AUTHOR=Huang Zehao , Yang Yuanjian , Bi Xueyan , Zong Lian , Li Wanju , Huang Ling TITLE=Localized urban canopy model and improved anthropogenic heat parameters in the weather research and forecasting model: Simulation of a warm-sector heavy rainfall event over the pearl river delta urban agglomeration JOURNAL=Frontiers in Environmental Science VOLUME=10 YEAR=2022 URL=https://www.frontiersin.org/journals/environmental-science/articles/10.3389/fenvs.2022.1078820 DOI=10.3389/fenvs.2022.1078820 ISSN=2296-665X ABSTRACT=

Warm-sector heavy rainfall in South China is a frequent type of precipitation in summer in the Pearl River Delta region. The complexity of the mechanisms involved in the triggering of convection, especially the effects of urbanization, has greatly increased the uncertainty of numerical simulations of warm-sector heavy rainfall.
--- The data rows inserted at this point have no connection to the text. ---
lemma conj_set_mem_max_cyclics:
  assumes M: "M \<in> max_cyclics" and x: "x \<in> carrier G"
  shows "conj_set x M \<in> max_cyclics"
proof -
  obtain y where y: "y \<in> carrier G - D" "M = N y"
    using M unfolding max_cyclics_def by blast
  have conj: "conj_set x M = N (inv x \<otimes> y \<otimes> x)"
    using conj_set_nbhd x y by simp
  have "card (N (inv x \<otimes> y \<otimes> x)) = card (conj_set x (N y))"
    using conj y(2) by simp
  also have "\<dots> = p * n"
    using card_conj_set[OF x epg_nbhd_subset_carrier] card_epg_nbhd[OF y(1)] by simp
  finally have "N (inv x \<otimes> y \<otimes> x) \<noteq> carrier G"
    using card_nbhd_less by (metis less_not_refl)
  moreover have "inv x \<otimes> y \<otimes> x \<in> carrier G"
    using x y by simp
  ultimately have "inv x \<otimes> y \<otimes> x \<in> carrier G - D"
    unfolding epg_universal_def by simp
  then show ?thesis
    unfolding max_cyclics_def conj by blast
qed

lemma max_cyclics_subset_carrier: "M \<in> max_cyclics \<Longrightarrow> M \<subseteq> carrier G"
  unfolding max_cyclics_def using epg_nbhd_subset_carrier[of G] by blast

lemma mem_conj_class_if_card_eq_p:
  assumes M: "M \<in> max_cyclics" "M' \<in> max_cyclics"
    and card: "card (conj_class M) = p" "card (conj_class M') = p"
  shows "M' \<in> conj_class M"
proof -
  have "conj_class M \<union> conj_class M' \<subseteq> max_cyclics"
    using conj_set_mem_max_cyclics M unfolding conj_class_def by auto
  then have "card (conj_class M \<union> conj_class M') \<le> p + 1"
    using card_max_cyclics_le card_mono[OF finite_max_cyclics] le_trans by blast
  then have "conj_class M \<inter> conj_class M' \<noteq> {}"
    using card p_ge_2 card_Un_Int[of "conj_class M" "conj_class M'"] by force
  then show ?thesis
    using mem_conj_class_if_meet max_cyclics_subset_carrier M by blast
qed

context
  fixes g0 g1
  assumes g0: "g0 \<in> carrier G - D" "ord g0 = p * n" "N g0 = generate G {g0}"
    and g1: "g1 \<in> carrier G - D" "ord g1 = p * n" "N g1 = generate G {g1}"
    and distinct: "generate G {g0} \<noteq> generate G {g1}"
begin

lemma carrier_g0_g1: "g0 \<in> carrier G" "g1 \<in> carrier G"
  using g0 g1 by auto

lemma subgroup_generate_g0_g1: "subgroup (generate G {g0}) G" "subgroup (generate G {g1}) G"
  using generate_is_subgroup carrier_g0_g1 by auto

lemma universal_eq_Int: "D = generate G {g0} \<inter> generate G {g1}"
  using nbhd_Int_nbhd[OF g0(1) g1(1)] g0(3) g1(3) distinct by simp

lemma ord_dvd_n_if_universal: "d \<in> D \<Longrightarrow> ord d dvd n"
  using ord_dvd_card_subgroup[OF finite_carrier] subgroup_Int[OF subgroup_generate_g0_g1]
    card_epg_universal universal_eq_Int by metis

lemma universal_eq_generate: "D = generate G {g0 [^] p}"
proof -
  have c: "g0 [^] p \<in> carrier G" "ord (g0 [^] p) = n"
    using carrier_g0_g1 ord_pow[of g0 p] g0(2) prime_gt_0_nat[OF prime_p] by auto
  have "D \<subseteq> generate G {g0 [^] p}"
  proof
    fix d assume d: "d \<in> D"
    then have "d \<in> generate G {g0}" "d [^] n = \<one>"
      using universal_eq_Int ord_dvd_n_if_universal pow_eq_id epg_universal_subset_carrier[of G]
      by blast+
    then show "d \<in> generate G {g0 [^] p}"
      using mem_generate_pow_if_pow_eq_one[OF finite_carrier carrier_g0_g1(1) g0(2) n_pos] by blast
  qed
  moreover have "card (generate G {g0 [^] p}) \<le> card D"
    using generate_pow_card[OF c(1)] c(2) card_epg_universal by simp
  ultimately show ?thesis
    using card_seteq[OF finite_subset[OF generate_incl finite_carrier]] c(1) by blast
qed

lemma universal_commute: "d \<in> D \<Longrightarrow> y \<in> carrier G \<Longrightarrow> d \<otimes> y = y \<otimes> d"
  using mem_nbhd_iff commute_in_generate_singleton[OF finite_carrier]
  unfolding epg_universal_def by blast
theorem mainTheorem15:
  shows "\<exists>c>0. \<exists>N::nat. \<forall>(n::nat) (T::nat) (\<epsilon>::real) (\<delta>::real) (\<alpha>::real) M.
     N \<le> n \<longrightarrow> N \<le> T \<longrightarrow> 0 \<le> \<epsilon> \<longrightarrow> \<epsilon> \<le> 1 \<longrightarrow> 0 \<le> \<delta> \<longrightarrow> \<delta> \<le> 1/3 \<longrightarrow>
     mechanism n T M \<longrightarrow> continual n T M \<longrightarrow> event_dp \<epsilon> \<delta> n T M \<longrightarrow>
     topk_accurate \<alpha> n T M \<longrightarrow>
     \<alpha> \<ge> c * min (real T powr (1/4)) (sqrt (real n))"
proof (intro exI[of _ "1/60 :: real"] conjI exI[of _ "4000 :: nat"] allI impI)
  fix n T :: nat and \<epsilon> \<delta> \<alpha> :: real and M
  \<comment> \<open>The bound holds even without the hypothesis that M is continual.\<close>
  assume n: "4000 \<le> n" and T: "4000 \<le> T" and "0 \<le> \<epsilon>" "\<epsilon> \<le> 1" "0 \<le> \<delta>" "\<delta> \<le> 1/3"
    and mech: "mechanism n T M" and "continual n T M" and dp: "event_dp \<epsilon> \<delta> n T M"
    and acc: "topk_accurate \<alpha> n T M"
  define Y where "Y = min (real T powr (1/4)) (sqrt (real n))"
  have "36 \<le> n" "3888 \<le> T"
    using n T by simp_all
  then obtain m where m: "2^m \<le> n" "3 * (2^m)\<^sup>2 \<le> T" "18 < (2::real)^m" "Y\<^sup>2 < 4 * 2^m"
    unfolding Y_def by (blast dest: ex_attack_size)
  have "query_time m (2^m - 1) \<le> T"
    using query_time_last_le m(2) by (rule le_trans)
  with m(1) have "2^m * (2/3 - \<delta>) \<le> 36 * \<alpha>\<^sup>2 + exp \<epsilon> * (36 * \<alpha>\<^sup>2 + 1)"
    using mech dp acc by (rule attack_dimension_bound)
  moreover have "0 \<le> \<alpha>"
    using acc mech by (rule topk_accurate_nonneg) (use n T in simp_all)
  ultimately have "Y \<le> 60 * \<alpha>"
    using m(3,4) \<open>\<epsilon> \<le> 1\<close> \<open>\<delta> \<le> 1/3\<close> by (intro error_bound_of_dimension_bound) simp_all
  then show "1/60 * min (real T powr (1/4)) (sqrt (real n)) \<le> \<alpha>"
    unfolding Y_def by linarith
qed simp

end
(* Let $b\ge 2$ and $n\ge 0$ be integers. Then $T_b(n)=\langle\{s_0,s_1,\dots,s_{n+1}\}\rangle$, and $\{s_0,s_1,\dots,s_{n+1}\}$ is the minimal system of generators of $T_b(n)$. In particular the embedding dimension is $e(T_b(n))=n+2$.
   Context: For integers $b\ge 2$, $n\ge 0$, $i\ge0$ put $s_i=(b+1)b^{n+i}-1$ and $T_b(n)=\langle\{s_i:i\in\mathbb{N}\}\rangle$, the submonoid of $(\mathbb{N},+)$ generated by the $s_i$. A set $A$ is a system of generators of a numerical semigroup $S$ if $S=\langle A\rangle$; it is minimal if no proper subset of $A$ generates $S$ (every numerical semigroup has a unique minimal system of generators, which is finite). The embedding dimension $e(S)$ is the cardinality of the minimal system of generators. *)

theory Defs
  imports Main
begin

inductive_set monoid_gen :: "nat set \<Rightarrow> nat set" for A :: "nat set" where
  zero: "0 \<in> monoid_gen A"
| add: "a \<in> A \<Longrightarrow> x \<in> monoid_gen A \<Longrightarrow> a + x \<in> monoid_gen A"

definition is_min_gen_sys :: "nat set \<Rightarrow> nat set \<Rightarrow> bool" where
  "is_min_gen_sys A S \<longleftrightarrow> monoid_gen A = S \<and> (\<forall>B. B \<subset> A \<longrightarrow> monoid_gen B \<noteq> S)"

definition embedding_dim :: "nat set \<Rightarrow> nat" where
  "embedding_dim S = card (THE A. is_min_gen_sys A S)"

definition s_gen :: "nat \<Rightarrow> nat \<Rightarrow> nat \<Rightarrow> nat" where
  "s_gen b n i = (b + 1) * b ^ (n + i) - 1"

definition T_sg :: "nat \<Rightarrow> nat \<Rightarrow> nat set" where
  "T_sg b n = monoid_gen (range (s_gen b n))"

end

theory Submission
  imports Defs
begin

text \<open>
  Put c = (b + 1) b^n, so that s_i + 1 = c b^i and s_(i+1) = b s_i + (b - 1).
  A direct computation writes s_(n+2) = x s_0 + y s_1 with x \<ge> 2, and the recurrence
  propagates such a representation to every larger index; hence s_0, ..., s_(n+1) generate.
  They are irredundant because each of them is congruent to -1 modulo c and lies in
  [c - 1, c^2 - 1): a sum of m of them is congruent to -m, so a generator that is a sum of
  m \<ge> 2 others forces m \<equiv> 1 (mod c), i.e. m \<ge> c + 1, and would be at least (c + 1)(c - 1).
  A minimal system of generators consists exactly of the atoms, so it is unique and the
  embedding dimension is n + 2.
\<close>

lemma monoid_gen_base: "a \<in> A \<Longrightarrow> a \<in> monoid_gen A"
  using monoid_gen.add[OF _ monoid_gen.zero] by simp

lemma monoid_gen_add_closed:
  "x \<in> monoid_gen A \<Longrightarrow> y \<in> monoid_gen A \<Longrightarrow> x + y \<in> monoid_gen A"
  by (induction x rule: monoid_gen.induct) (auto simp: add.assoc intro: monoid_gen.add)

lemma monoid_gen_mult_closed: "x \<in> monoid_gen A \<Longrightarrow> k * x \<in> monoid_gen A"
  by (induction k) (auto intro: monoid_gen_add_closed monoid_gen.zero)

lemma monoid_gen_least:
  assumes "A \<subseteq> monoid_gen B"
  shows "monoid_gen A \<subseteq> monoid_gen B"
proof
  fix x assume "x \<in> monoid_gen A"
  then show "x \<in> monoid_gen B"
    by (induction x rule: monoid_gen.induct) (use assms in \<open>auto intro: monoid_gen_add_closed monoid_gen.zero\<close>)
qed

lemma monoid_gen_mono: "A \<subseteq> B \<Longrightarrow> monoid_gen A \<subseteq> monoid_gen B"
  by (rule monoid_gen_least) (auto intro: monoid_gen_base)

lemma monoid_gen_eq_sum_list: "monoid_gen A = {sum_list xs | xs. set xs \<subseteq> A}"
proof (intro equalityI subsetI)
  fix x assume "x \<in> monoid_gen A"
  then show "x \<in> {sum_list xs | xs. set xs \<subseteq> A}"
  proof (induction x rule: monoid_gen.induct)
    case zero
    show ?case by (intro CollectI exI[of _ "[]"]) simp
  next
    case (add a x)
    then obtain xs where "x = sum_list xs" "set xs \<subseteq> A" by blast
    with add.hyps show ?case by (intro CollectI exI[of _ "a # xs"]) simp
  qed
next
  fix x assume "x \<in> {sum_list xs | xs. set xs \<subseteq> A}"
  then obtain xs where "x = sum_list xs" "set xs \<subseteq> A" by blast
  then show "x \<in> monoid_gen A"
    by (induction xs arbitrary: x) (auto intro: monoid_gen.zero monoid_gen.add)
qed

lemma monoid_gen_below: "x \<in> monoid_gen A \<Longrightarrow> x \<in> monoid_gen {a \<in> A. a \<le> x}"
  unfolding monoid_gen_eq_sum_list by (fastforce intro: member_le_sum_list)

lemma is_min_gen_sys_iff:
  "is_min_gen_sys A S \<longleftrightarrow> monoid_gen A = S \<and> (\<forall>a\<in>A. a \<notin> monoid_gen (A - {a}))"
proof
  assume min: "is_min_gen_sys A S"
  then have S: "monoid_gen A = S" unfolding is_min_gen_sys_def by simp
  have "a \<notin> monoid_gen (A - {a})" if "a \<in> A" for a
  proof
    assume "a \<in> monoid_gen (A - {a})"
    then have "A \<subseteq> monoid_gen (A - {a})" by (auto intro: monoid_gen_base)
    then have "monoid_gen (A - {a}) = S"
      using S monoid_gen_least[of A] monoid_gen_mono[of "A - {a}" A] by blast
    moreover have "A - {a} \<subset> A" using that by blast
    ultimately show False using min unfolding is_min_gen_sys_def by blast
  qed
  with S show "monoid_gen A = S \<and> (\<forall>a\<in>A. a \<notin> monoid_gen (A - {a}))" by blast
next
  assume S: "monoid_gen A = S \<and> (\<forall>a\<in>A. a \<notin> monoid_gen (A - {a}))"
  have "monoid_gen B \<noteq> S" if "B \<subset> A" for B
  proof -
    obtain a where "a \<in> A" "B \<subseteq> A - {a}" using \<open>B \<subset> A\<close> by blast
    then show ?thesis
      using S monoid_gen_mono[of B "A - {a}"] monoid_gen_base[of a A] by blast
  qed
  with S show "is_min_gen_sys A S" unfolding is_min_gen_sys_def by blast
qed

definition atoms :: "nat set \<Rightarrow> nat set" where
  "atoms S = {x \<in> S. x \<noteq> 0 \<and> \<not> (\<exists>y\<in>S. \<exists>z\<in>S. y \<noteq> 0 \<and> z \<noteq> 0 \<and> x = y + z)}"
lemma raw_suffix_tl:
  assumes "raw_suffix q (x # z # rest)"
  shows "raw_suffix (Suc q) (z # rest)"
proof -
  have entries: "\<And>i. 1 \<le> i \<Longrightarrow> i < length rest + 2 \<Longrightarrow> (x # z # rest) ! i = R (q + i)"
    using assms unfolding raw_suffix_def by auto
  have shifted: "(z # rest) ! i = R (Suc q + i)" if "i < length (z # rest)" for i
    using entries[of "Suc i"] that by simp
  show ?thesis
    unfolding raw_suffix_def
  proof (intro conjI allI impI)
    show "D j" if "j < Suc q + length (z # rest)" for j
      using assms that unfolding raw_suffix_def by simp
    show "(z # rest) ! i = R (Suc q + i)" if "i < length (z # rest)" for i
      using shifted that .
    show "hd (z # rest) = R (Suc q) \<or> Suc q mod 3 = 0 \<and> hd (z # rest) \<noteq> 0 \<and> w (hd (z # rest)) < 0"
      using shifted[of 0] by simp
  qed
qed

lemma raw_suffix_merge:
  assumes "raw_suffix q (x # 0 # y # rest)"
  shows "raw_suffix (Suc (Suc q)) ((x + y) # rest) \<and> x + y \<noteq> 0 \<and> w (x + y) < 0"
proof -
  have entries: "\<And>i. 1 \<le> i \<Longrightarrow> i < length rest + 3 \<Longrightarrow> (x # 0 # y # rest) ! i = R (q + i)"
    and D: "\<And>j. j < q + length rest + 3 \<Longrightarrow> D j"
    and hd: "x = R q \<or> (q mod 3 = 0 \<and> x \<noteq> 0 \<and> w x < 0)"
    using assms unfolding raw_suffix_def by (auto simp: add_ac)
  have "R (Suc q) = 0" "y = R (Suc (Suc q))"
    using entries[of 1] entries[of 2] by (simp_all add: numeral_2_eq_2)
  then have "Suc q mod 3 = 2"
    using zero_at_mod3_eq_2 D by simp
  then have "q mod 3 = 1" "Suc (Suc q) mod 3 = 0"
    by presburger+
  then have "x \<noteq> 0 \<and> w x < 0"
    using hd neg_at_mod3_eq_1[OF D] by auto
  moreover have "y \<noteq> 0 \<and> w y = 0"
    using unit_after_zero[OF D \<open>Suc q mod 3 = 2\<close>] \<open>R (Suc q) = 0\<close> \<open>y = R (Suc (Suc q))\<close> by simp
  ultimately have merged: "x + y \<noteq> 0 \<and> w (x + y) < 0"
    using neg_add_unit by blast
  have "raw_suffix (Suc (Suc q)) ((x + y) # rest)"
    unfolding raw_suffix_def
  proof (intro conjI allI impI)
    show "D j" if "j < Suc (Suc q) + length ((x + y) # rest)" for j
      using D that by simp
    show "((x + y) # rest) ! i = R (Suc (Suc q) + i)" if "1 \<le> i" "i < length ((x + y) # rest)" for i
      using entries[of "Suc (Suc i)"] that by (cases i) auto
    show "hd ((x + y) # rest) = R (Suc (Suc q)) \<or> Suc (Suc q) mod 3 = 0 \<and>
        hd ((x + y) # rest) \<noteq> 0 \<and> w (hd ((x + y) # rest)) < 0"
      using merged \<open>Suc (Suc q) mod 3 = 0\<close> by simp
  qed
  with merged show ?thesis
    by blast
qed

lemma hd_elim_zeros:
  "raw_suffix q L \<Longrightarrow> L \<noteq> [] \<Longrightarrow> elim_zeros L \<noteq> [] \<and>
     (hd (elim_zeros L) = hd L \<or> hd (elim_zeros L) \<noteq> 0 \<and> w (hd (elim_zeros L)) < 0)"
proof (induction L arbitrary: q rule: elim_zeros.induct)
  case (1 x z y rest)
  then show ?case
    using raw_suffix_merge[of q x y rest] by (cases "z = 0") force+
qed auto

lemma raw_suffix_consecutive_units:
  assumes "raw_suffix q (x # z # rest)"
    and "x \<noteq> 0" "w x = 0" "z \<noteq> 0" "w z = 0"
  shows "q mod 3 = 2 \<and> D (Suc q) \<and> R q = x \<and> R (Suc q) = z"
proof -
  have "x = R q" "z = R (Suc q)" "D q" "D (Suc q)"
    using assms unfolding raw_suffix_def by (auto dest: spec[of _ 1])
  then have "q mod 3 \<noteq> 1" "Suc q mod 3 \<noteq> 1"
    using neg_at_mod3_eq_1 assms(3,5) by force+
  then have "q mod 3 = 2"
    by presburger
  with \<open>x = R q\<close> \<open>z = R (Suc q)\<close> \<open>D (Suc q)\<close> show ?thesis
    by simp
qed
In this study, five new surface parameters with five new anthropogenic heat (AH) parameters were constructed and coupled with the urban canopy model (UCM) of the Weather Research and Forecasting model, version 4.1, based on the local climate zone system over the Pearl River Delta Urban Agglomeration (PRDUA). Taking a typical warm-sector heavy rainfall process that occurred in the PRDUA on 20 April 2019 as an example, five groups of experiments involving different schemes were compared and analyzed, revealing that the precipitation simulated using the localized UCM with the new AH parameters was the best (closest to observations). The localized UCM successfully simulated the increase in 2 m temperature and sensible heat flux and the resultant thermal forcing in urban areas, which promoted the convergence of low-level southerly winds with water vapor and the lifting of the lower-layer warm and humid water vapor to the upper layers in the urban center, leading to a significant increase of precipitation. The improved AH parameters enhanced the anthropogenic heat and its vertical conduction in urban areas, but contributed only marginally to the convergence of 10 m winds. Compared with observations from wind profile radar, it was found that the localized UCM enhanced the accuracy of the simulated horizontal wind field convergence at upper and lower levels, while the improved AH parameters enhanced the accuracy of the simulated low-level jet intensity and vertical movement, which are important drivers for the spatial variation in warm-sector heavy rainfall over the PRDUA. The current findings will be helpful for improving the model skill in simulating warm-sector heavy rainfall over high-density urban areas, as well as enhancing understanding of the impact mechanism of urbanization on the occurrence and development of warm-sector heavy rainfall.